● AIM OF THE TASK:
Which lines in the records below contain the word "that"? Return each of them.

● THE DATA:
————————

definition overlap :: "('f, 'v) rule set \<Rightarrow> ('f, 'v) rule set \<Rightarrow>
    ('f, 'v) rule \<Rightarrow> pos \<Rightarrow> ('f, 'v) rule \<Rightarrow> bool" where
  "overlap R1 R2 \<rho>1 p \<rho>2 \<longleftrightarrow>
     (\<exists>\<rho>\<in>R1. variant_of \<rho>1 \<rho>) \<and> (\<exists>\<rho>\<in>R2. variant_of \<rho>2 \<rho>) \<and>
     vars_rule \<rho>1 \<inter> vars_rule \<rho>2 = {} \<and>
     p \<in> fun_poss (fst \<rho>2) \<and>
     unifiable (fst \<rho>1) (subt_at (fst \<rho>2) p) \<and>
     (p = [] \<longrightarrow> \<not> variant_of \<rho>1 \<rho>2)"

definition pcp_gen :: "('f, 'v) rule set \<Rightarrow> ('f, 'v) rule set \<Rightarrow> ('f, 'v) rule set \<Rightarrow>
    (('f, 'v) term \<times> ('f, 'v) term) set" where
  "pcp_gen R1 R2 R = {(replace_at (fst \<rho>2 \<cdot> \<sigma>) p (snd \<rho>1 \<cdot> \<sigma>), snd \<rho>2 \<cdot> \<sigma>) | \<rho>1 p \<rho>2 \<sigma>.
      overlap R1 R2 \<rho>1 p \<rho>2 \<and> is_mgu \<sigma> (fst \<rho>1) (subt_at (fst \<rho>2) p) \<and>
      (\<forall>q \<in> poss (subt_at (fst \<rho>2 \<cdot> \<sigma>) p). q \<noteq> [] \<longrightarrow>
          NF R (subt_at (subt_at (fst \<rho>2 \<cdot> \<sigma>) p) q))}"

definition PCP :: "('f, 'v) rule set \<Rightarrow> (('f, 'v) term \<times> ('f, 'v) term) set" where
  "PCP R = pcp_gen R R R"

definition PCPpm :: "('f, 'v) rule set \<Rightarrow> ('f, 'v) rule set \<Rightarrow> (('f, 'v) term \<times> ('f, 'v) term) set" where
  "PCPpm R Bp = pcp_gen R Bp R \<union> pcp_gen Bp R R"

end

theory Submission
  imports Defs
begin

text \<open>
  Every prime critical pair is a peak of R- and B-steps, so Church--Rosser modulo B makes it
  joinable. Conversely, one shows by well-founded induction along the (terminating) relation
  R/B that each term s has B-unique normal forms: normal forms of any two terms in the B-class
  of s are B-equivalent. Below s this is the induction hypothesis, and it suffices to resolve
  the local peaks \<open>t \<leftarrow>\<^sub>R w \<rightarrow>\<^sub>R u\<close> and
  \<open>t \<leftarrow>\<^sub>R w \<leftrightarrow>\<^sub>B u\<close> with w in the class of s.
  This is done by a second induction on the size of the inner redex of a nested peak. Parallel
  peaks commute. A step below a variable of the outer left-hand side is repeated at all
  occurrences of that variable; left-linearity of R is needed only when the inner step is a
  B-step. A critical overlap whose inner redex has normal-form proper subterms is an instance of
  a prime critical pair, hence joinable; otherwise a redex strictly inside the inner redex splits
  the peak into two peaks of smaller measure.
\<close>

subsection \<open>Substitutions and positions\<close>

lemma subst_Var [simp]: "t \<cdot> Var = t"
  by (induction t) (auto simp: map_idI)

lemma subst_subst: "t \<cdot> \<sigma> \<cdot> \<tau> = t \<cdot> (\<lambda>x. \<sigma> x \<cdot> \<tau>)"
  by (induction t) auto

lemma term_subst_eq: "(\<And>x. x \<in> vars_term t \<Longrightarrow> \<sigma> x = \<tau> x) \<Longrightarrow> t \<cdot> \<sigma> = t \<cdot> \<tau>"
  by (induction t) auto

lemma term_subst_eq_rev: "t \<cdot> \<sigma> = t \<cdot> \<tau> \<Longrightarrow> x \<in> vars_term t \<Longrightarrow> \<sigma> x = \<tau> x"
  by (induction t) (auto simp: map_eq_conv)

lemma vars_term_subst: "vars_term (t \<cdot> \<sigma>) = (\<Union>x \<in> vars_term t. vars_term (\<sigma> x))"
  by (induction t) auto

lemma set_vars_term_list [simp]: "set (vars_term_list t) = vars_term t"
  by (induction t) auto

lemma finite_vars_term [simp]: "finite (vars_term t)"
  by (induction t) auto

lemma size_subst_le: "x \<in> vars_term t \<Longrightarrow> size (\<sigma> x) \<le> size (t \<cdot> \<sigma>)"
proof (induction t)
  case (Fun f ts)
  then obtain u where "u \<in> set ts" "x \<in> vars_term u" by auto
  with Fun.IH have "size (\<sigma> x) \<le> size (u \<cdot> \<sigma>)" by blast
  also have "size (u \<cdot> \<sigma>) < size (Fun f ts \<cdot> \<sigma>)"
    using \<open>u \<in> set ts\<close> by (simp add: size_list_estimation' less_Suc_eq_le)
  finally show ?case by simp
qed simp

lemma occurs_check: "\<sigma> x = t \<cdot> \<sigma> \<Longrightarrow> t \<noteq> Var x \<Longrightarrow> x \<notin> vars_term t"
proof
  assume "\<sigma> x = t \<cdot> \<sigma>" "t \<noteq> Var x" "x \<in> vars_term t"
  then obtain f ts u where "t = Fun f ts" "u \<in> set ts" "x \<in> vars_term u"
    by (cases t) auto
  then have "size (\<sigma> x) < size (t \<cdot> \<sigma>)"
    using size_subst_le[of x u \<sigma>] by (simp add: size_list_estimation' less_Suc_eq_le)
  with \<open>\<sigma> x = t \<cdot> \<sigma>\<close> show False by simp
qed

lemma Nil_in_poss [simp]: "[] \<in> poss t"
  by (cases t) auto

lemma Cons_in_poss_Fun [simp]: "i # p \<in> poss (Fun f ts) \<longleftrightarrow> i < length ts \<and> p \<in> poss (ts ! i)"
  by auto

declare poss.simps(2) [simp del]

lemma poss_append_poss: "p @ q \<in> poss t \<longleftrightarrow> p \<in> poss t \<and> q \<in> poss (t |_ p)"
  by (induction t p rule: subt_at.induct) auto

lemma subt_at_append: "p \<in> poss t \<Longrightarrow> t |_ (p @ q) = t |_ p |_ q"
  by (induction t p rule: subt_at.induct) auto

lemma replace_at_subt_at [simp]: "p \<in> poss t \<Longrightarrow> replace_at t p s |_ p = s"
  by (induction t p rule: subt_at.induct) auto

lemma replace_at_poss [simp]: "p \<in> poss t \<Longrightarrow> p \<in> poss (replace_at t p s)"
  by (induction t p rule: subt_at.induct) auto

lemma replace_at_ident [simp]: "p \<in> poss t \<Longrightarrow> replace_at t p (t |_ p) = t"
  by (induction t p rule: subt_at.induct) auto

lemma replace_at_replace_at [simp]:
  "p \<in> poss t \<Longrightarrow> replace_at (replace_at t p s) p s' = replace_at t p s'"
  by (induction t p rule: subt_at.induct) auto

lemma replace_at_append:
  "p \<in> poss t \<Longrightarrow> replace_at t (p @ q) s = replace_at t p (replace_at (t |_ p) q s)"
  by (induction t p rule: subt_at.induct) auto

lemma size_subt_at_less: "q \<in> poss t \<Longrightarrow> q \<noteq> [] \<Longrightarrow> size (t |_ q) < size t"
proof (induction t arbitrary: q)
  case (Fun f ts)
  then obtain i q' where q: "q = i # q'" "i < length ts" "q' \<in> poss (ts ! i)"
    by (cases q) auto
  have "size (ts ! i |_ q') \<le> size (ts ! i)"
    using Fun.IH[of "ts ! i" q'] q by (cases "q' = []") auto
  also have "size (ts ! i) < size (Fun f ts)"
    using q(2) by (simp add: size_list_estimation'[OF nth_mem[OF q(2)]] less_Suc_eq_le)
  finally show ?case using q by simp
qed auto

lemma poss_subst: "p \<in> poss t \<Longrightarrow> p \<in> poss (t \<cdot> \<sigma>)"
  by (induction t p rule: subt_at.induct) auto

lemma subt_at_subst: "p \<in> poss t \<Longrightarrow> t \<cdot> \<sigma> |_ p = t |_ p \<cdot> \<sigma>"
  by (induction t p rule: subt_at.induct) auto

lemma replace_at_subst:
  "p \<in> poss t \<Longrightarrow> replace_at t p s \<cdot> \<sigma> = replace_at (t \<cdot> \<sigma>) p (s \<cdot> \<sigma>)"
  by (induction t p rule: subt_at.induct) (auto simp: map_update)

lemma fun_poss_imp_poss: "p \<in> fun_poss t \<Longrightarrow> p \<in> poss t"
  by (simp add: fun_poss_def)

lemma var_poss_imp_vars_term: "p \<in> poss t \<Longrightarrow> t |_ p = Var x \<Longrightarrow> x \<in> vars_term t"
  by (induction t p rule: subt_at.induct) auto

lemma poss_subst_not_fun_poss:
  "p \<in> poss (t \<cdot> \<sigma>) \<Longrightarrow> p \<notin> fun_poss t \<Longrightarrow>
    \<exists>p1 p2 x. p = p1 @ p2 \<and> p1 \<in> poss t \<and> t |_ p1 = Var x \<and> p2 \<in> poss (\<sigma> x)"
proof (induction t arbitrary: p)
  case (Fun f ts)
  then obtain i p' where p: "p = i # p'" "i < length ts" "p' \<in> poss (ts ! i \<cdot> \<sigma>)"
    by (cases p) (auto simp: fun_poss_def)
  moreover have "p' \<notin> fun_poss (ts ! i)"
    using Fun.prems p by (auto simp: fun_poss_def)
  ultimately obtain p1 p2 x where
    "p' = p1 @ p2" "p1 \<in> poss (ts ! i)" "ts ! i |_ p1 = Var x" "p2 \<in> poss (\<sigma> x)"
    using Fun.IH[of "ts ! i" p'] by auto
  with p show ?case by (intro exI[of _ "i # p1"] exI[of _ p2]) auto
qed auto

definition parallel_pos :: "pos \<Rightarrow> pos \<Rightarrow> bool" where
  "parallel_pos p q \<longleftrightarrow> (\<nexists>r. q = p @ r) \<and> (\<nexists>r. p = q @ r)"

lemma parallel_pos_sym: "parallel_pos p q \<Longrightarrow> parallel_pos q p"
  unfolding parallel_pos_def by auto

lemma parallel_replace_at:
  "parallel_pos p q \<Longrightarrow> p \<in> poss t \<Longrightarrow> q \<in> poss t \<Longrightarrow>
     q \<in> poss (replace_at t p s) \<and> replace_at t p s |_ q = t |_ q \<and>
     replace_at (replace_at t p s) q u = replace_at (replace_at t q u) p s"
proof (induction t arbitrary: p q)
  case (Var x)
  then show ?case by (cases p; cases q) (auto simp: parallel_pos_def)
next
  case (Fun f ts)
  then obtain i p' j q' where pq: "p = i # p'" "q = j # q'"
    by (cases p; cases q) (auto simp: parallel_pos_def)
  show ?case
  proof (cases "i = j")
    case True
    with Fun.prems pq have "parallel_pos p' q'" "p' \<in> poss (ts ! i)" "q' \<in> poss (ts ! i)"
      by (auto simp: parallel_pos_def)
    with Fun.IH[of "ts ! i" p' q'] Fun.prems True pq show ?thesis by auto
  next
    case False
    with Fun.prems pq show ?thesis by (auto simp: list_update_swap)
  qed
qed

————————

● THE COMPLETED TASK:
  R/B that each term s has B-unique normal forms: normal forms of any two terms in the B-class
  occurrences of that variable; left-linearity of R is needed only when the inner step is a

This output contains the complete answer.